Which made my headache worse.
And I kinda wanted to throw up.
So there I am, sitting in my nightgown on the kitchen floor, wiping fish guts off my foot at 3am. And trying to figure out how to tell Tim I had completely decimated his “possibly living but most definitely dead” fish and not have him think there was fishy murder afoot. (Groan)
I had wiped my foot clean, but once you step on a dead fish and have it pop like a zit under the weight of you, you realize the desperate need for antibacterial soap. So I headed over to the sink to grab the washcloth and some soap.
And that was when the mouse came running up from the bottom of the kitchen sink.
And I screamed. Not because I am scared of mice, but because the situation had surprised me. All of a sudden, walking through the house with residual dead fish guts to the bathroom didn’t seem like a bad idea. So I heeled it to the bathroom and cleaned up.

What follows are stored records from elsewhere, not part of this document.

(* Let $k\geq 2$, let $G$ be a graph with $G\in\mathcal{R}_k$, and let $x\in V(G)$. Let $G'$ be the graph obtained from $G$ by adding a new vertex $y\notin V(G)$ and the edge $(x,y)$. Then $G'\in\mathcal{R}_k$.
   Context: All graphs are finite and simple. For a word $w$ and distinct letters $x,y$ occurring in $w$, $x$ and $y$ alternate in $w$ if deleting all letters other than copies of $x$ and $y$ yields a word of the form $xyxy\cdots$ or $yxyx\cdots$ (of even or odd length). A graph $G=(V,E)$ is word-representable if there is a word $w$ over $V$ (each vertex occurring in $w$) such that for all distinct $x,y\in V$, $x$ and $y$ alternate in $w$ iff $(x,y)\in E$. A word is $k$-uniform if each letter occurs exactly $k$ times; $G$ is $k$-word-representable if some $k$-uniform word represents it. The representation number $\mathcal{R}(G)$ is the least such $k$, and $\mathcal{R}_k$ is the class of word-representable graphs with representation number exactly $k$. *)

theory Defs
  imports Main
begin

definition simple_graph :: "'a set \<Rightarrow> ('a \<Rightarrow> 'a \<Rightarrow> bool) \<Rightarrow> bool" where
  "simple_graph V E \<longleftrightarrow> finite V \<and> (\<forall>a b. E a b \<longrightarrow> a \<in> V \<and> b \<in> V)
     \<and> (\<forall>a b. E a b \<longrightarrow> E b a) \<and> (\<forall>a. \<not> E a a)"

definition alternates :: "'a list \<Rightarrow> 'a \<Rightarrow> 'a \<Rightarrow> bool" where
  "alternates w x y \<longleftrightarrow>
     (let u = filter (\<lambda>z. z = x \<or> z = y) w in \<forall>i. Suc i < length u \<longrightarrow> u ! i \<noteq> u ! Suc i)"

definition represents :: "'a set \<Rightarrow> ('a \<Rightarrow> 'a \<Rightarrow> bool) \<Rightarrow> 'a list \<Rightarrow> bool" where
  "represents V E w \<longleftrightarrow> set w = V \<and>
     (\<forall>x\<in>V. \<forall>y\<in>V. x \<noteq> y \<longrightarrow> (alternates w x y \<longleftrightarrow> E x y))"

definition word_representable :: "'a set \<Rightarrow> ('a \<Rightarrow> 'a \<Rightarrow> bool) \<Rightarrow> bool" where
  "word_representable V E \<longleftrightarrow> (\<exists>w. represents V E w)"

definition uniform :: "nat \<Rightarrow> 'a list \<Rightarrow> bool" where
  "uniform k w \<longleftrightarrow> (\<forall>v\<in>set w. count_list w v = k)"

definition k_word_representable :: "nat \<Rightarrow> 'a set \<Rightarrow> ('a \<Rightarrow> 'a \<Rightarrow> bool) \<Rightarrow> bool" where
  "k_word_representable k V E \<longleftrightarrow> (\<exists>w. uniform k w \<and> represents V E w)"

definition rep_number :: "'a set \<Rightarrow> ('a \<Rightarrow> 'a \<Rightarrow> bool) \<Rightarrow> nat" where
  "rep_number V E = (LEAST k. k_word_representable k V E)"

definition in_R :: "nat \<Rightarrow> 'a set \<Rightarrow> ('a \<Rightarrow> 'a \<Rightarrow> bool) \<Rightarrow> bool" where
  "in_R k V E \<longleftrightarrow> word_representable V E \<and> rep_number V E = k"

end

theory Submission
  imports Defs
begin

text \<open>Let \<open>w\<close> be a \<open>k\<close>-uniform word representing \<open>G\<close> and split it as
\<open>w = a x s x t\<close> at the first and last occurrence of \<open>x\<close>. The word
\<open>a y x y s' x t\<close>, where \<open>s'\<close> arises from \<open>s\<close> by writing \<open>y\<close> after every \<open>x\<close>,
is again \<open>k\<close>-uniform; its \<open>x,y\<close>-subword is \<open>y x y x \<dots> y x\<close>, while \<open>y y\<close> occurs in
its \<open>y,z\<close>-subword for every other \<open>z\<close>, and deleting \<open>y\<close> gives back \<open>w\<close>. So it
represents \<open>G'\<close>; for a non-uniform \<open>w\<close> the same works with \<open>x t\<close> omitted from the split.
Conversely deleting \<open>y\<close> from a uniform word representing \<open>G'\<close>
gives one of \<open>G\<close> with the same multiplicity. Hence \<open>G\<close> and \<open>G'\<close> are
\<open>j\<close>-representable for the same \<open>j \<ge> 2\<close>, and their representation numbers agree.
The hypothesis \<open>k \<ge> 2\<close> is needed because a \<open>1\<close>-uniform word only represents
complete graphs.\<close>

definition add_edge :: "('a \<Rightarrow> 'a \<Rightarrow> bool) \<Rightarrow> 'a \<Rightarrow> 'a \<Rightarrow> 'a \<Rightarrow> 'a \<Rightarrow> bool" where
  "add_edge E x y = (\<lambda>a b. E a b \<or> (a = x \<and> b = y) \<or> (a = y \<and> b = x))"

lemma alternates_iff_distinct_adj:
  "alternates w a b \<longleftrightarrow> distinct_adj (filter (\<lambda>z. z = a \<or> z = b) w)"
  by (simp add: alternates_def distinct_adj_conv_nth Let_def)

lemma alternates_commute: "alternates w a b \<longleftrightarrow> alternates w b a"
  by (simp add: alternates_iff_distinct_adj disj_commute)

lemma alternates_filter:
  assumes "P a" "P b"
  shows "alternates (filter P w) a b \<longleftrightarrow> alternates w a b"
proof -
  have "(\<lambda>z. P z \<and> (z = a \<or> z = b)) = (\<lambda>z. z = a \<or> z = b)" using assms by auto
  then show ?thesis by (simp add: alternates_iff_distinct_adj)
qed

lemma count_list_filter: "P v \<Longrightarrow> count_list (filter P w) v = count_list w v"
  by (induction w) auto

lemma uniform_filter: "uniform k w \<Longrightarrow> uniform k (filter P w)"
  by (simp add: uniform_def count_list_filter)

lemma represents_induced_subgraph:
  assumes "represents V E w" and "U \<subseteq> V"
    and "\<And>a b. a \<in> U \<Longrightarrow> b \<in> U \<Longrightarrow> E' a b \<longleftrightarrow> E a b"
  shows "represents U E' (filter (\<lambda>c. c \<in> U) w)"
  using assms unfolding represents_def by (auto simp: alternates_filter subset_iff)

lemma k_word_representable_induced_subgraph:
  assumes "k_word_representable k V E" and "U \<subseteq> V"
    and "\<And>a b. a \<in> U \<Longrightarrow> b \<in> U \<Longrightarrow> E' a b \<longleftrightarrow> E a b"
  shows "k_word_representable k U E'"
  using assms represents_induced_subgraph uniform_filter
  unfolding k_word_representable_def by blast

fun insert_after :: "'a \<Rightarrow> 'a \<Rightarrow> 'a list \<Rightarrow> 'a list" where
  "insert_after x y [] = []"
| "insert_after x y (c # cs) =
     (if c = x then x # y # insert_after x y cs else c # insert_after x y cs)"

lemma set_insert_after: "set (insert_after x y w) = set w \<union> (if x \<in> set w then {y} else {})"
  by (induction w) auto

lemma filter_insert_after: "\<not> P y \<Longrightarrow> filter P (insert_after x y w) = filter P w"
  by (induction w) auto

lemma filter_insert_after_pair:
  "y \<notin> set w \<Longrightarrow> x \<noteq> y \<Longrightarrow>
   filter (\<lambda>z. z = x \<or> z = y) (insert_after x y w) = concat (replicate (count_list w x) [x, y])"
  by (induction w) auto

lemma count_list_insert_after:
  "count_list (insert_after x y w) v = count_list w v + (if v = y then count_list w x else 0)"
  by (induction w) auto

lemma filter_pair_notin: "y \<notin> set w \<Longrightarrow> filter (\<lambda>z. z = x \<or> z = y) w = replicate (count_list w x) x"
  by (induction w) auto

lemma distinct_adj_alternating:
  assumes "x \<noteq> y" "m \<le> 1"
  shows "distinct_adj (y # concat (replicate n [x, y]) @ replicate m x)"
  using assms by (induction n) (auto simp: le_Suc_eq)

lemma represents_add_edge:
  assumes sg: "simple_graph V E" and rep: "represents V E w" and y: "y \<notin> V"
    and set_w': "set w' = insert y V" and restrict: "filter (\<lambda>c. c \<in> V) w' = w"
    and alt_xy: "alternates w' x y"
    and not_alt: "\<And>z. z \<in> V \<Longrightarrow> z \<noteq> x \<Longrightarrow> \<not> alternates w' y z"
  shows "represents (insert y V) (add_edge E x y) w'"
  unfolding represents_def
proof (intro conjI ballI impI)
  have no_edge: "\<not> E y z" "\<not> E z y" for z
    using sg y unfolding simple_graph_def by blast+
  have at_y: "alternates w' y b \<longleftrightarrow> b = x" if "b \<in> V" for b
    using that alt_xy not_alt alternates_commute[of w' x y] by blast
  have edge_y: "add_edge E x y y b \<longleftrightarrow> b = x" "add_edge E x y b y \<longleftrightarrow> b = x"
    if "b \<noteq> y" for b
    using that no_edge by (auto simp: add_edge_def)
  fix a b assume a: "a \<in> insert y V" and b: "b \<in> insert y V" and "a \<noteq> b"
  show "alternates w' a b \<longleftrightarrow> add_edge E x y a b"
  proof (cases "a = y \<or> b = y")
    case True
    then consider "a = y" "b \<in> V" | "b = y" "a \<in> V" using a b \<open>a \<noteq> b\<close> by auto
    then show ?thesis
      using at_y edge_y \<open>a \<noteq> b\<close> alternates_commute[of w' a b] by cases auto
  next
    case False
    then have "a \<in> V" "b \<in> V" using a b by auto
    then have "alternates w' a b \<longleftrightarrow> alternates w a b"
      using restrict alternates_filter[of "\<lambda>c. c \<in> V"] by metis
    also have "\<dots> \<longleftrightarrow> E a b" using rep \<open>a \<in> V\<close> \<open>b \<in> V\<close> \<open>a \<noteq> b\<close> by (simp add: represents_def)
    finally show ?thesis using False by (simp add: add_edge_def)
  qed
qed (use set_w' in simp)

text \<open>\<open>t\<close> contains \<open>x\<close> at most once, so that the \<open>x,y\<close>-subword
\<open>y (x y)\<^sup>n x\<^sup>m\<close> of the new word has \<open>m \<le> 1\<close>.\<close>
lemma represents_pendant_word:
  assumes sg: "simple_graph V E" and rep: "represents V E (a @ x # s @ t)"
    and "x \<notin> set a" and "count_list t x \<le> 1" and y: "y \<notin> V"
  shows "represents (insert y V) (add_edge E x y) (a @ y # insert_after x y (x # s) @ t)"
proof (rule represents_add_edge[OF sg rep y])
  let ?w' = "a @ y # insert_after x y (x # s) @ t"
  have set_w: "set (a @ x # s @ t) = V" using rep by (simp add: represents_def)
  then have "x \<noteq> y" "y \<notin> set a" "y \<notin> set s" "y \<notin> set t" using y by auto
  show "set ?w' = insert y V" using set_w by (auto simp: set_insert_after)
  have "filter (\<lambda>c. c \<in> V) ?w' = filter (\<lambda>c. c \<in> V) (a @ x # s @ t)"
    using y by (simp add: filter_insert_after)
  also have "\<dots> = a @ x # s @ t" using set_w by (auto intro: filter_True)
  finally show "filter (\<lambda>c. c \<in> V) ?w' = a @ x # s @ t" .

  have "filter (\<lambda>z. z = x \<or> z = y) ?w' =
        y # concat (replicate (Suc (count_list s x)) [x, y]) @ replicate (count_list t x) x"
    using \<open>x \<notin> set a\<close> \<open>x \<noteq> y\<close> \<open>y \<notin> set a\<close> \<open>y \<notin> set s\<close> \<open>y \<notin> set t\<close>
    by (simp add: filter_insert_after_pair filter_pair_notin filter_empty_conv)
  then show "alternates ?w' x y"
    using \<open>x \<noteq> y\<close> distinct_adj_alternating[OF \<open>x \<noteq> y\<close> \<open>count_list t x \<le> 1\<close>]
    by (simp add: alternates_iff_distinct_adj)
  show "\<not> alternates ?w' y z" if "z \<noteq> x" for z
    \<comment> \<open>the letters \<open>y x y\<close> contribute \<open>y y\<close> to the \<open>y,z\<close>-subword\<close>
    using that \<open>x \<noteq> y\<close> by (auto simp: alternates_iff_distinct_adj distinct_adj_append_iff)
qed

lemma word_representable_add_pendant:
  assumes "simple_graph V E" and "word_representable V E" and "x \<in> V" and "y \<notin> V"
  shows "word_representable (insert y V) (add_edge E x y)"
proof -
  obtain w where rep: "represents V E w" using assms(2) by (auto simp: word_representable_def)
  then have "x \<in> set w" using assms(3) by (simp add: represents_def)
  then obtain a s where "w = a @ x # s" "x \<notin> set a" using split_list_first by metis
  then have "represents (insert y V) (add_edge E x y) (a @ y # insert_after x y (x # s) @ [])"
    using represents_pendant_word[OF assms(1) _ _ _ assms(4), of a x s "[]"] rep by simp
  then show ?thesis unfolding word_representable_def by blast
qed

lemma k_word_representable_add_pendant:
  assumes sg: "simple_graph V E" and "k_word_representable k V E" and "2 \<le> k"
    and "x \<in> V" and y: "y \<notin> V"
  shows "k_word_representable k (insert y V) (add_edge E x y)"
proof -
  obtain w where uni: "uniform k w" and rep: "represents V E w"
    using assms(2) by (auto simp: k_word_representable_def)
  have set_w: "set w = V" using rep by (simp add: represents_def)
  have count_x: "count_list w x = k" using uni assms(4) set_w by (simp add: uniform_def)
  obtain a r where ar: "w = a @ x # r" "x \<notin> set a" using split_list_first assms(4) set_w by metis
  then have "x \<in> set r" using count_x \<open>2 \<le> k\<close> count_list_0_iff[of r x] by auto
  then obtain s c where sc: "r = s @ x # c" "x \<notin> set c" using split_list_last by metis
  define w' where "w' = a @ y # insert_after x y (x # s) @ x # c"
  have rep': "represents (insert y V) (add_edge E x y) w'"
    unfolding w'_def using represents_pendant_word[OF sg _ ar(2) _ y] rep ar sc by simp
  have "y \<notin> set w" using y set_w by simp
  then have "count_list w' v = (if v = y then count_list w x else count_list w v)" for v
    using ar sc unfolding w'_def by (auto simp: count_list_insert_after)
  moreover have "set w' = insert y (set w)"
    using rep' set_w by (simp add: represents_def)
  ultimately have "uniform k w'"
    using uni count_x by (auto simp: uniform_def)
  with rep' show ?thesis unfolding k_word_representable_def by blast
qed

lemma rep_number_add_pendant:
  assumes "simple_graph V E" and "2 \<le> rep_number V E" and "x \<in> V" and "y \<notin> V"
  shows "rep_number (insert y V) (add_edge E x y) = rep_number V E"
proof -
  have "k_word_representable j (insert y V) (add_edge E x y) \<longleftrightarrow> k_word_representable j V E" for j
  proof
    assume "k_word_representable j (insert y V) (add_edge E x y)"
    then show "k_word_representable j V E"
      by (rule k_word_representable_induced_subgraph) (use \<open>y \<notin> V\<close> in \<open>auto simp: add_edge_def\<close>)
  next
    assume kj: "k_word_representable j V E"
    then have "rep_number V E \<le> j" unfolding rep_number_def by (rule Least_le)
    then show "k_word_representable j (insert y V) (add_edge E x y)"
      using k_word_representable_add_pendant[OF assms(1) kj _ assms(3,4)] assms(2) by simp
  qed
  then show ?thesis unfolding rep_number_def by simp
qed

theorem proposition6:
  fixes V :: "'a set" and E :: "'a \<Rightarrow> 'a \<Rightarrow> bool" and k :: nat and x y :: 'a
  assumes "k \<ge> 2"
    and "simple_graph V E"
    and "in_R k V E"
    and "x \<in> V"
    and "y \<notin> V"
  shows "in_R k (insert y V)
           (\<lambda>a b. E a b \<or> (a = x \<and> b = y) \<or> (a = y \<and> b = x))"
proof -
  have "word_representable V E" and "rep_number V E = k"
    using \<open>in_R k V E\<close> by (auto simp: in_R_def)
  then show ?thesis
    using word_representable_add_pendant[OF assms(2) _ assms(4,5)]
      rep_number_add_pendant[OF assms(2) _ assms(4,5)] \<open>k \<ge> 2\<close>
    by (simp add: in_R_def add_edge_def)
qed

end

I think I have figured out what happened. This is exactly like the game of Clue.
The family went to bed. Puppy went into the kitchen and heard a mouse. She jumped on the counter to catch the mouse, (because otherwise she knows she is dead meat if I catch her on my counter) and the mouse hid under my skillet in the sink, which was waiting to go in the dishwasher. Meanwhile, Puppy was probably pacing on the counter, trying to figure out how to get to the mouse, and knocked Sonny and his/her Tupperware container on the floor. Which knowing Puppy, probably scared the living daylights out of her. To which she hopped down off the counter and ran to our bedroom to hide. On top of me. Which woke me up, and made me realize that I had a headache. To which I went into the kitchen to get a drink and stepped on the “possibly living but most definitely dead” Sonny with a big bang and a boom. Meanwhile the mouse was still shaking under my skillet, and realized that if it didn’t get out of there soon, the sleepy looking blonde monster was going to find it and kill it. To which it hopped out of the sink and ran for better cover and made the sleepy blonde monster scream.
I don’t make this stuff up, people. Truth is fishier than fiction.